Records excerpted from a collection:
*** Block opens ***

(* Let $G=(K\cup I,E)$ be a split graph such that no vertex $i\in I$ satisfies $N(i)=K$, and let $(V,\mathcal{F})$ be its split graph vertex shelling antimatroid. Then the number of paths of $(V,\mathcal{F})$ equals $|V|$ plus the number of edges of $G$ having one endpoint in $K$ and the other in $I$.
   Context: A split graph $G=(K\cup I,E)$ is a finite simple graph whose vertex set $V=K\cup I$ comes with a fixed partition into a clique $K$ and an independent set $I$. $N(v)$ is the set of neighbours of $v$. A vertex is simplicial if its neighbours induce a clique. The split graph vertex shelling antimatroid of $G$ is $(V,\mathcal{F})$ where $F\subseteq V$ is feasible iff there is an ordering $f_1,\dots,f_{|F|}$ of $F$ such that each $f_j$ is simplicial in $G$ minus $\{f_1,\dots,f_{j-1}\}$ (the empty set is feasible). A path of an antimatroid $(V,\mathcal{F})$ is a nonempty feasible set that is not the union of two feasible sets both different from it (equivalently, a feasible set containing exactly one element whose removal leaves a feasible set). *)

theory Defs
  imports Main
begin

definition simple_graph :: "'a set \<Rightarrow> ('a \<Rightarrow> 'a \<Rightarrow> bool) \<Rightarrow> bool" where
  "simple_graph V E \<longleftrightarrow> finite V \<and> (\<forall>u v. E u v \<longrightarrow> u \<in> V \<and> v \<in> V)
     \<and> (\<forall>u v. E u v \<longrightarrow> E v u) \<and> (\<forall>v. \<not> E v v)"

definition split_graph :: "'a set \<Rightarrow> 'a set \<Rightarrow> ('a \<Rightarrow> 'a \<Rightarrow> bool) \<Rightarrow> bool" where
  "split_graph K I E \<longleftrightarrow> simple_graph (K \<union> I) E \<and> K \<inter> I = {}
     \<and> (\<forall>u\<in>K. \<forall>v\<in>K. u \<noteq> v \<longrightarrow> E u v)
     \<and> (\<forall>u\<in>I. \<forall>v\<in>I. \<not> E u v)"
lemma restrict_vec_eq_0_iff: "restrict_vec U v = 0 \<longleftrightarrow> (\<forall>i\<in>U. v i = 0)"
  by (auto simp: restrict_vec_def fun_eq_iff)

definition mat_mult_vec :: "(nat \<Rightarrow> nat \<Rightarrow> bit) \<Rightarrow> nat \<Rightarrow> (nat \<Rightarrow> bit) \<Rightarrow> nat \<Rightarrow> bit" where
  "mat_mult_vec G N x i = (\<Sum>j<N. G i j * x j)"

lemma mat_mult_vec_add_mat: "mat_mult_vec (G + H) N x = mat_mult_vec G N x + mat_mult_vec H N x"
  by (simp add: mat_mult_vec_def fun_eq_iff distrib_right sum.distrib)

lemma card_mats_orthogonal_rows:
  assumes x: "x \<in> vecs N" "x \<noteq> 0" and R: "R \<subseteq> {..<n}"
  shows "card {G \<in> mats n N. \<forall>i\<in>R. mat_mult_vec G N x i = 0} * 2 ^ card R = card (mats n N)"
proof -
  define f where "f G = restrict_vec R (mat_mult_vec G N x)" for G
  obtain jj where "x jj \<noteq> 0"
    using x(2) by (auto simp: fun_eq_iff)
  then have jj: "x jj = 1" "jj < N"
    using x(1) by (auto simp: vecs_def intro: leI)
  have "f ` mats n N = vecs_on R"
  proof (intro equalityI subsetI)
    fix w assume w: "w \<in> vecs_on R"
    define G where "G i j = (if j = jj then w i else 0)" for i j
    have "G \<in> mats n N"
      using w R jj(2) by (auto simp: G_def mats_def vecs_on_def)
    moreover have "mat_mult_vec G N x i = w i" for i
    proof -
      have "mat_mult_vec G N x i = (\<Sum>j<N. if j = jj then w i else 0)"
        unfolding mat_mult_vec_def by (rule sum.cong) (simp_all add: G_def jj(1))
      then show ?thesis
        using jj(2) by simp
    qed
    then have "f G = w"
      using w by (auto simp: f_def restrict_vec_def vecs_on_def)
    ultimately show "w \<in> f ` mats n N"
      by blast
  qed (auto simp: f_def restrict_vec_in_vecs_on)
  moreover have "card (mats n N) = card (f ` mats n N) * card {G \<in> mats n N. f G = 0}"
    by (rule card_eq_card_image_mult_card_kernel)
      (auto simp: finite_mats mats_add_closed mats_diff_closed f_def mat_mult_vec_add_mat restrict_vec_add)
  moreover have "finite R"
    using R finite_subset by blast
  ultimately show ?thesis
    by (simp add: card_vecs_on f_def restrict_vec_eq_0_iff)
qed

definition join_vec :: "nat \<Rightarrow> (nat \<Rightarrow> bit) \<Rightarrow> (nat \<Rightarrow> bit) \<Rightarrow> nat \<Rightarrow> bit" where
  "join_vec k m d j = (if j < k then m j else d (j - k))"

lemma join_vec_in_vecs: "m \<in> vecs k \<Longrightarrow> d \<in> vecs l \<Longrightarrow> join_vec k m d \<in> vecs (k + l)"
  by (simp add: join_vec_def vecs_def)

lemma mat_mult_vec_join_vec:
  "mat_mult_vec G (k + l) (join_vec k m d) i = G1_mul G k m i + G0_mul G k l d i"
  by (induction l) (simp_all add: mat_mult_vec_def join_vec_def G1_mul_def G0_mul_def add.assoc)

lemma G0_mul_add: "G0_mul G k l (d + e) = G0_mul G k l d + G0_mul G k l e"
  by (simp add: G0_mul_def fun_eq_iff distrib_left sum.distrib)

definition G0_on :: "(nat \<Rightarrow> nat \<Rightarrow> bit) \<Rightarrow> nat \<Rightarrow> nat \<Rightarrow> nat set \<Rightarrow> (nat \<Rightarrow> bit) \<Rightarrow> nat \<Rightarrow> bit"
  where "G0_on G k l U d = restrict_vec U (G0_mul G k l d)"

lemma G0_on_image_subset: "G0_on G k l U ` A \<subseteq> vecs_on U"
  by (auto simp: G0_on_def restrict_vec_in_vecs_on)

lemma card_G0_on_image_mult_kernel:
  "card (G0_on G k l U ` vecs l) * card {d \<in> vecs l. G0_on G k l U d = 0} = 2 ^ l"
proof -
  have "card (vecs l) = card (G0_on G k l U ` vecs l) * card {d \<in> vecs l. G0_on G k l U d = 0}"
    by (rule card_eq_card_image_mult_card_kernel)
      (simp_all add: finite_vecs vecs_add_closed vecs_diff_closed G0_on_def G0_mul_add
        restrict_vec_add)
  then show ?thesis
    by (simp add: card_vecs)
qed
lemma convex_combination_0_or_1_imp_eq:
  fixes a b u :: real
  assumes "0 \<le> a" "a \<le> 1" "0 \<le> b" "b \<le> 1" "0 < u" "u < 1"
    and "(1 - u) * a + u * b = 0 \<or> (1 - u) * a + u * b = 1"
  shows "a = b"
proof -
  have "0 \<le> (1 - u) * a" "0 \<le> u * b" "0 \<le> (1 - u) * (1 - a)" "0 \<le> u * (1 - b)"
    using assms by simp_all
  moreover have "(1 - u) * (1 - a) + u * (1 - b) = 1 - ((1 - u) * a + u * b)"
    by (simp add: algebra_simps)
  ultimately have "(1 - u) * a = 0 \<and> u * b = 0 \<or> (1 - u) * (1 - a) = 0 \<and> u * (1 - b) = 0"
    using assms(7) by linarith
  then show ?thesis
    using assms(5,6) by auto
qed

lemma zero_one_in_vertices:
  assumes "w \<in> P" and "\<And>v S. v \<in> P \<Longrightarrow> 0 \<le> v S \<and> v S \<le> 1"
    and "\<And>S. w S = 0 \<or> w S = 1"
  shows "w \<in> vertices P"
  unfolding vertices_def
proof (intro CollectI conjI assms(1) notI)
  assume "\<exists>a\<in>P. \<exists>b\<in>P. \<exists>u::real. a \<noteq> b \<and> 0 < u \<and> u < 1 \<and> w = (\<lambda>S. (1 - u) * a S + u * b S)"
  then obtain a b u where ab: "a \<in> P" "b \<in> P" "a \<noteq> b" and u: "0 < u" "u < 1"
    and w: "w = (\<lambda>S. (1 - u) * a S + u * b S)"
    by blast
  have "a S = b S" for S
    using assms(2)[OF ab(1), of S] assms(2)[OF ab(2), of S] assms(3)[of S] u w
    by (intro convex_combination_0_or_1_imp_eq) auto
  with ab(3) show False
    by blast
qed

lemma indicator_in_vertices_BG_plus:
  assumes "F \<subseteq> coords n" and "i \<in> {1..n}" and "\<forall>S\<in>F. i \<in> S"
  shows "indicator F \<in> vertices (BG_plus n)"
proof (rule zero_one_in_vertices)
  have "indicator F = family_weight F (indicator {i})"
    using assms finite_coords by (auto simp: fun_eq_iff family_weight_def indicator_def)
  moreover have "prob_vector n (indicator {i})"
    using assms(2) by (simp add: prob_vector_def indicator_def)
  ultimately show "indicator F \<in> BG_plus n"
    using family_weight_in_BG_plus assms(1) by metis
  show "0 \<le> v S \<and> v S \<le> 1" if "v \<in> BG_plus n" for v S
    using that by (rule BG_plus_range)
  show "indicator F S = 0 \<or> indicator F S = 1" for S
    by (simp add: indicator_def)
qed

*** Block closes ***

> Work task
Keeping every character as it is, restate the lines above that run from the line with "V \<and> v \<in> V)" through the line with "set \<Rightarrow> 'a", both included, and nothing else.

> Answer space
  "simple_graph V E \<longleftrightarrow> finite V \<and> (\<forall>u v. E u v \<longrightarrow> u \<in> V \<and> v \<in> V)
     \<and> (\<forall>u v. E u v \<longrightarrow> E v u) \<and> (\<forall>v. \<not> E v v)"

definition split_graph :: "'a set \<Rightarrow> 'a set \<Rightarrow> ('a \<Rightarrow> 'a \<Rightarrow> bool) \<Rightarrow> bool" where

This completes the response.